Une semaine après cette interview, les déclarations de ce proche de Nicolas Sarkozy –le off ne devant rien au hasard- concomitamment avec les déclarations de François Baroin résonnent comme la confirmation de cette théorie du retrait, en laissant penser que Villepin aurait convaincu Sarkozy. Ainsi, Villepin pourrait quitter la course avec panache, se targuant d’avoir mis de côté ses rancoeurs personnelles vis-à-vis de son frère ennemi, et œuvré au rassemblement national, en convainquant, lui qui devait être pendu à un croc de boucher, le président d’une de ses idées.

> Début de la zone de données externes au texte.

lemma det_AE: "deterministic_edges AE" and det_AG: "deterministic_edges AG"
  using det_E det_G by (simp_all add: deterministic_iff)

definition run :: "nat \<Rightarrow> 'a list \<Rightarrow> nat \<Rightarrow> bool" where
  "run g w g' \<longleftrightarrow> (\<exists>es. walk AG g es g' \<and> word es = w)"

lemma run_unique: "run g w g1 \<Longrightarrow> run g w g2 \<Longrightarrow> g1 = g2"
  unfolding run_def using walk_eq_if_word_eq[OF det_AG] G_edge walk_last_unique by metis

lemma run_Nil [simp]: "run g [] g' \<longleftrightarrow> g = g'"
proof
  assume "run g [] g'"
  then obtain es where "walk AG g es g'" "word es = []"
    unfolding run_def by blast
  then show "g = g'"
    using G_edge by (cases es) auto
qed (auto simp: run_def intro: exI[of _ "[]"])

lemma word_take_G: "walk AG g es g' \<Longrightarrow> word (take k es) = take k (word es)"
proof (induction es arbitrary: g k)
  case (Cons e es)
  then obtain a where "lab e = [a]"
    using G_edge_length[of e] by (cases "lab e") auto
  with Cons show ?case
    by (cases k) auto
qed simp

lemma run_append_iff: "run g (x @ y) g2 \<longleftrightarrow> (\<exists>g1. run g x g1 \<and> run g1 y g2)"
proof
  assume "run g (x @ y) g2"
  then obtain es where es: "walk AG g es g2" "word es = x @ y"
    unfolding run_def by blast
  let ?k = "length x"
  obtain g1 where "walk AG g (take ?k es) g1" "walk AG g1 (drop ?k es) g2"
    using es(1) walk_append_iff[of AG g "take ?k es" "drop ?k es"] by auto
  moreover have "word (take ?k es) = x"
    using word_take_G[OF es(1)] es(2) by simp
  moreover from this have "word (drop ?k es) = y"
    using es(2) word_simps(3)[of "take ?k es" "drop ?k es"] by simp
  ultimately show "\<exists>g1. run g x g1 \<and> run g1 y g2"
    unfolding run_def by blast
next
  assume "\<exists>g1. run g x g1 \<and> run g1 y g2"
  then show "run g (x @ y) g2"
    unfolding run_def by (metis walk_append_iff word_simps(3))
qed

lemma run_state: "run g w g' \<Longrightarrow> g \<in> states G \<Longrightarrow> g' \<in> states G"
  unfolding run_def using G_edge by (blast intro: walk_closed)
lemma pos_def_moments_wt_near:
  assumes w0_pos: "\<forall>x\<in>ivl a b. w0 x > 0"
    and integrable: "\<And>j. set_integrable lborel (ivl a b) (\<lambda>x. x ^ j * w0 x)"
    and t_mono: "strict_mono_on {1..m} t" and \<omega>_sums: "\<forall>l\<le>m. (\<Sum>k=0..l. \<omega> k) \<ge> 0"
    and nonzero: "\<exists>x\<in>ivl a b. wt w0 \<omega> m t x \<noteq> 0"
    and k: "k \<in> {1..m}"
  shows "\<exists>S. open S \<and> t k \<in> S \<and> (\<forall>s\<in>S. pos_def_moments (moments a b (wt w0 \<omega> m (t(k := s)))))"
proof -
  obtain \<delta>\<^sub>1 where "\<delta>\<^sub>1 > 0" and mono: "\<And>s. \<bar>s - t k\<bar> < \<delta>\<^sub>1 \<Longrightarrow> strict_mono_on {1..m} (t(k := s))"
    using strict_mono_on_fun_upd_near[OF t_mono _ k] by auto
  obtain x0 where x0: "x0 \<in> ivl a b" "wt w0 \<omega> m t x0 \<noteq> 0"
    using nonzero by blast
  have "step_factor \<omega> m t x0 \<ge> 0"
    by (rule step_factor_nonneg[OF \<omega>_sums t_mono])
  then have x0_pos: "step_factor \<omega> m t x0 > 0"
    using x0 by (auto simp: wt_eq_step_factor order_less_le)
  obtain e where "e > 0" "ball x0 e \<subseteq> ivl a b"
    using open_ivl x0(1) open_contains_ball by blast
  then obtain \<delta>\<^sub>2 where "\<delta>\<^sub>2 > 0" "\<delta>\<^sub>2 \<le> e / 2" and loc_const:
    "\<And>j q x. j \<in> {1..m} \<Longrightarrow> \<bar>q - t j\<bar> < \<delta>\<^sub>2 \<Longrightarrow> x0 - 2 * \<delta>\<^sub>2 < x \<Longrightarrow> x < x0 - \<delta>\<^sub>2 \<Longrightarrow>
       theta (x - q) = theta (x0 - t j)"
    using theta_locally_constant[of "t ` {1..m}" "e / 2" x0] by auto
  then have "{x0 - 2 * \<delta>\<^sub>2<..<x0 - \<delta>\<^sub>2} \<subseteq> ball x0 e"
    by (auto simp: dist_real_def)
  then have sub: "{x0 - 2 * \<delta>\<^sub>2<..<x0 - \<delta>\<^sub>2} \<subseteq> ivl a b"
    using \<open>ball x0 e \<subseteq> ivl a b\<close> by blast
  define S where "S = ball (t k) (min \<delta>\<^sub>1 \<delta>\<^sub>2)"
  have "pos_def_moments (moments a b (wt w0 \<omega> m (t(k := s))))" if s: "s \<in> S" for s
  proof (rule pos_def_moments_if_pos_on_interval[OF set_integrable_wt[OF integrable] _ _ sub])
    have s_near: "\<bar>s - t k\<bar> < \<delta>\<^sub>1" "\<bar>s - t k\<bar> < \<delta>\<^sub>2"
      using s by (auto simp: S_def dist_real_def)
    show "wt w0 \<omega> m (t(k := s)) x \<ge> 0" if "x \<in> ivl a b" for x
      using w0_pos that step_factor_nonneg[OF \<omega>_sums mono[OF s_near(1)]]
      by (simp add: wt_eq_step_factor less_imp_le)
    show "wt w0 \<omega> m (t(k := s)) x > 0" if x: "x \<in> {x0 - 2 * \<delta>\<^sub>2<..<x0 - \<delta>\<^sub>2}" for x
    proof -
      have "step_factor \<omega> m (t(k := s)) x = step_factor \<omega> m t x0"
        unfolding step_factor_def using loc_const x s_near(2) \<open>\<delta>\<^sub>2 > 0\<close>
        by (intro arg_cong2[where f = "(+)"] refl sum.cong) auto
      then show ?thesis
        using w0_pos x sub x0_pos by (auto simp: wt_eq_step_factor)
    qed
  qed (use \<open>\<delta>\<^sub>2 > 0\<close> in simp)
  moreover have "open S" "t k \<in> S"
    using \<open>\<delta>\<^sub>1 > 0\<close> \<open>\<delta>\<^sub>2 > 0\<close> by (auto simp: S_def)
  ultimately show ?thesis
    by blast
qed

lemma weight_family_wt:
  assumes w0_pos: "\<forall>x\<in>ivl a b. w0 x > 0" and w0_cont: "continuous_on (ivl a b) w0"
    and integrable: "\<And>j. set_integrable lborel (ivl a b) (\<lambda>x. x ^ j * w0 x)"
    and t_in: "\<forall>k\<in>{1..m}. t k \<in> ivl a b" and t_mono: "strict_mono_on {1..m} t"
    and \<omega>_sums: "\<forall>l\<le>m. (\<Sum>k=0..l. \<omega> k) \<ge> 0"
    and nonzero: "\<exists>x\<in>ivl a b. wt w0 \<omega> m t x \<noteq> 0"
    and k: "k \<in> {1..m}"
  shows "\<exists>S. weight_family a b (\<lambda>s. wt w0 \<omega> m (t(k := s))) (\<omega> k * w0 (t k)) (t k) S"
proof -
  obtain S where "open S" "t k \<in> S" "\<forall>s\<in>S. pos_def_moments (moments a b (wt w0 \<omega> m (t(k := s))))"
    using pos_def_moments_wt_near[OF w0_pos integrable t_mono \<omega>_sums nonzero k] by blast
  then have "weight_family a b (\<lambda>s. wt w0 \<omega> m (t(k := s))) (\<omega> k * w0 (t k)) (t k) S"
    using moments_wt_has_derivative[OF w0_cont integrable k] t_in k
    by unfold_locales (auto intro: set_integrable_wt[OF integrable])
  then show ?thesis ..
qed

theorem lemma3p1:
  fixes a b :: ereal and w0 :: "real \<Rightarrow> real" and m :: nat
    and t :: "nat \<Rightarrow> real" and \<omega> :: "nat \<Rightarrow> real"
  assumes ab: "a < b"
    and w0_pos: "\<forall>x\<in>ivl a b. w0 x > 0"
    and w0_smooth: "\<forall>j. \<forall>x\<in>ivl a b. (deriv ^^ j) w0 differentiable (at x)"
    and moments: "\<forall>j::nat. set_integrable lborel (ivl a b) (\<lambda>x. x ^ j * w0 x)"
    and lim_a: "(a = -\<infinity> \<longrightarrow> (w0 \<longlongrightarrow> 0) at_bot) \<and>
                (a \<noteq> -\<infinity> \<longrightarrow> (w0 \<longlongrightarrow> 0) (at_right (real_of_ereal a)))"
    and lim_b: "(b = \<infinity> \<longrightarrow> (w0 \<longlongrightarrow> 0) at_top) \<and>
                (b \<noteq> \<infinity> \<longrightarrow> (w0 \<longlongrightarrow> 0) (at_left (real_of_ereal b)))"
    and m1: "m \<ge> 1"
    and t_in: "\<forall>k\<in>{1..m}. t k \<in> ivl a b"
    and t_mono: "\<forall>k\<in>{1..m}. \<forall>l\<in>{1..m}. k < l \<longrightarrow> t k < t l"
    and \<omega>_sums: "\<forall>l\<le>m. (\<Sum>k=0..l. \<omega> k) \<ge> 0"
    and nonzero: "\<exists>x\<in>ivl a b. wt w0 \<omega> m t x \<noteq> 0"
  shows "\<forall>k\<in>{1..m}.
     (\<forall>n. ((\<lambda>s. ln (hn a b (wt w0 \<omega> m (t(k := s))) n)) has_real_derivative
              (- RR a b w0 \<omega> m t n k)) (at (t k))) \<and>
     (\<forall>n\<ge>1. ((\<lambda>s. pc a b (wt w0 \<omega> m (t(k := s))) n) has_real_derivative
              (rr a b w0 \<omega> m t n k)) (at (t k))) \<and>
     (\<forall>n\<ge>1. ((\<lambda>s. ln (beta a b (wt w0 \<omega> m (t(k := s))) n)) has_real_derivative
              (RR a b w0 \<omega> m t (n - 1) k - RR a b w0 \<omega> m t n k)) (at (t k))) \<and>
     (\<forall>n. ((\<lambda>s. alpha a b (wt w0 \<omega> m (t(k := s))) n) has_real_derivative
              (rr a b w0 \<omega> m t n k - rr a b w0 \<omega> m t (n + 1) k)) (at (t k)))"
proof (intro ballI, goal_cases)
  case (1 k)
  have "continuous_on (ivl a b) w0"
    using spec[OF w0_smooth, of 0]
    by (intro continuous_at_imp_continuous_on ballI differentiable_imp_continuous_within) simp
  moreover have "strict_mono_on {1..m} t"
    using t_mono by (intro strict_mono_onI) auto
  ultimately obtain S where "weight_family a b (\<lambda>s. wt w0 \<omega> m (t(k := s))) (\<omega> k * w0 (t k)) (t k) S"
    using weight_family_wt[OF w0_pos _ moments[rule_format] t_in _ \<omega>_sums nonzero 1] by blast
  then interpret weight_family a b "\<lambda>s. wt w0 \<omega> m (t(k := s))" "\<omega> k * w0 (t k)" "t k" S .
  have "RR a b w0 \<omega> m t n k = R n" "rr a b w0 \<omega> m t n k = r n" for n
    by (simp_all add: RR_def R_def rr_def r_def)
  then show ?case
    using ln_hn_has_derivative pc_has_derivative ln_beta_has_derivative alpha_has_derivative by simp
qed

Nicolas Sarkozy a, de son côté, beaucoup à gagner dans cette séquence. D’une part, il aura l’assurance de compter un candidat de droite de moins dans la course à la présidentielle, lui permettant d’éviter l’éparpillement des voix de droite au premier tour. Si peu de soutiens de Villepin peuvent voter Sarkozy, il ne faut pas oublier que de nombreux sympathisants de l’UMP pourraient se laisser tenter par Villepin s’il était candidat. Le président ayant déjà fort à faire avec ceux qu’il a déçus, et notamment la frange s’étant enfuie vers le FN, il a tout intérêt à éviter la multiplication des candidats de droite sur sa gauche. Si l’offre est réduire à droite, cela permettra au moins de conserver les électeurs incapables de franchir le Rubicon à gauche.

Autre intérêt pour l’actuel locataire de l’Elysée : en jouant sur la corde de la réconciliation avec Villepin, particulièrement accentuée par la thématique de l’union nationale, Sarkozy se refait une virginité. Le président paraît apaisé, comme touché par la grâce de la sagesse du dirigeant…

Mais surtout, il peut dramatiser les conséquences politiques de la crise économique –le terme « grave », choisi pour qualifier la situation, ne doit en ce sens rien au hasard- et se poser comme le recours ultime aux yeux des Français. Tout ceci se conjugue avec la précédente séquence de l’UMP, qui entendait positionner Nicolas Sarkozy comme le mieux placé pour diriger le pays, car le plus expérimenté… par rapport à Hollande, naturellement. Or cet argument a bien fonctionné chez les sympathisants de droite, et on ne change pas une stratégie qui prend sur le terrain … fut-elle à l’inverse du leitmotiv de la rupture, qui le porta à la présidence 5 ans plus tôt.

S’il est impossible d’affirmer que l’union nationale soit l’objet d’un deal Villepin-Sarkozy, il reste cependant difficile de croire à autre chose qu’une séquence bien orchestrée entre les deux frères ennemis de la droite, tant elle arrange les deux hommes. Réponse le 13 décembre prochain, lors de la conférence de presse de Dominique de Villepin.